Journalism schools teach apprencice writers not to “bury the lead.”

The New York Times teaches liberal writers to simply bury negative stories.

Last week after Nancy Pelosi accused the CIA of lying to Congress, the story was on page A 18 of the New York Times.  In the Strait Times of Singapore, the story was page 1 news.

That goes for all other reputable world newspapers.

But the New York Times departed tha land of the reputable a long time ago.

Bad news for ACORN?  The New York Times couldn’t make it pan out: even though a bunch of different state attorney generals did make it turn out….

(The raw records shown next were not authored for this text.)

(* Let $P$ be a poset and $\Delta^\varphi=\{p_0<\dots<p_n\}$ a nondegenerate simplex of $N(P)$. The inclusion $\|\Delta^\varphi\|_P\hookrightarrow\varphi_P^{-1}(\{p_0,\dots,p_n\})$ is a filtered homotopy equivalence.
   Context: $\varphi_P:\|N(P)\|\to P$ sends a point $(\{q_0<\dots<q_m\},t)$, $t$ in the interior of $\Delta^m$, to $q_m$. $\|\Delta^\varphi\|_P$ is the realization of the simplex $\{p_0<\dots<p_n\}$ as a subspace of $\|N(P)\|$, and both it and $\varphi_P^{-1}(\{p_0,\dots,p_n\})\subseteq\|N(P)\|$ are filtered over $P$ by the restriction of $\varphi_P$. A filtered homotopy equivalence is a map $f$ commuting with the maps to $P$ admitting a filtered map $g$ in the other direction such that $f\circ g$ and $g\circ f$ are homotopic to the identities through homotopies $H:A\times[0,1]\to B$ commuting with the maps to $P$ (with $A\times[0,1]$ filtered via the projection to $A$). *)

theory Defs
  imports "HOL-Analysis.Analysis"
begin

text \<open>The poset P is the universe of a type of class order.
  Points of the realization of the nerve N(P) are barycentric coordinate
  functions t : P \<Rightarrow> real: nonnegative, finitely supported, summing to 1,
  whose support is a chain (the support is the nondegenerate simplex in
  whose interior the point lies).\<close>

definition is_chain :: "'a::order set \<Rightarrow> bool" where
  "is_chain S \<longleftrightarrow> (\<forall>x\<in>S. \<forall>y\<in>S. x \<le> y \<or> y \<le> x)"

definition supp :: "('a \<Rightarrow> real) \<Rightarrow> 'a set" where
  "supp t = {x. t x \<noteq> 0}"

definition nerve_points :: "('a::order \<Rightarrow> real) set" where
  "nerve_points = {t. finite (supp t) \<and> (\<forall>x. 0 \<le> t x)
                     \<and> sum t (supp t) = 1 \<and> is_chain (supp t)}"
lemma second_diff_ln_mu:
  assumes "2 \<le> n"
  shows "second_diff (\<lambda>k. ln (mu k)) n = - ln (1 - rho n) / 2"
proof -
  have "second_diff (\<lambda>k. ln (mu k)) n = second_diff (\<lambda>k. ln (24 * real k - 1)) n / 2"
    using assms by (simp add: second_diff_def ln_mu)
  then show ?thesis
    using second_diff_ln_linear[OF assms] by simp
qed

lemma mu_prod_ge:
  assumes "2 \<le> n"
  shows "(mu n)^2 * (1 - rho n) \<le> mu (n - 1) * mu (n + 1)"
proof -
  define a where "a = 24 * real n - 1"
  define x where "x = (a - 24) * (a + 24)"
  have "24 < a"
    using assms by (simp add: a_def)
  have "0 \<le> x" "x \<le> a^2"
    using \<open>24 < a\<close> mult_mono[of 24 a 24 a] by (simp_all add: x_def power2_eq_square algebra_simps)
  then have "sqrt x \<le> a"
    using \<open>24 < a\<close> real_sqrt_le_mono[of x "a^2"] by simp
  then have "sqrt x * sqrt x \<le> a * sqrt x"
    by (rule mult_right_mono) (simp add: \<open>0 \<le> x\<close>)
  then have "x / a \<le> sqrt x"
    using \<open>0 \<le> x\<close> \<open>24 < a\<close> by (simp add: divide_le_eq mult.commute)
  moreover have "mu n = pi / 6 * sqrt a" "rho n = 576 / a^2"
    by (simp_all add: mu_def rho_def a_def)
  then have "(mu n)^2 * (1 - rho n) = (pi / 6)^2 * (x / a)"
    using \<open>24 < a\<close> by (simp only:) (simp add: x_def field_simps power2_eq_square)
  moreover have "mu (n - 1) = pi / 6 * sqrt (a - 24)" "mu (n + 1) = pi / 6 * sqrt (a + 24)"
    using assms mu_pred[of n] mu_Suc[of n] by (simp_all add: a_def)
  then have "mu (n - 1) * mu (n + 1) = (pi / 6)^2 * sqrt x"
    by (simp only:) (simp add: x_def real_sqrt_mult power2_eq_square)
  ultimately show ?thesis
    by (metis mult_left_mono zero_le_power2)
qed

Minority Leader John Boehner said Nancy Pelosi “ought to either present the evidence or apologize'” in the wake of her comments that CIA officials misled her about the use of controversial interrogation techniques on terrorist suspects.

News in The New York Times?

They apparently never heard of John Boehner or Nancy who?

White House Works To Bury Pelosi-CIA Story, New York Times Complies


The kicks, made by high-end French fashion label Lanvin, cost $540. Ernst/Reuters

Michelle’s shoes, made by high-end French fashion label Lanvin, cost $540. This is not a story you’ll see in the NYT…..

On Maureen Dowd’s NYT Plagiarism:

A statement supporting Dowd from spokesperson Diane McNulty at the NYT read as follows (read, plagiarism is OK with us now).

Maureen had us correct the column online as soon as the error was brought to her attention, adding in the sourcing to Marshall’s blog. We ran a correction in today’s paper,  referring readers to the correct version online.

There is no need to do anything further since there is no allegation, hint or anything else from Marshall that this was anything but an error. It was corrected. Journalists often use feeds from other staff journalists, free-lancers, stringers, a whole range of people. And from friends. Anyone with even the most passing acquaintance with Maureen’s work knows that she is happy and eager to give people credit.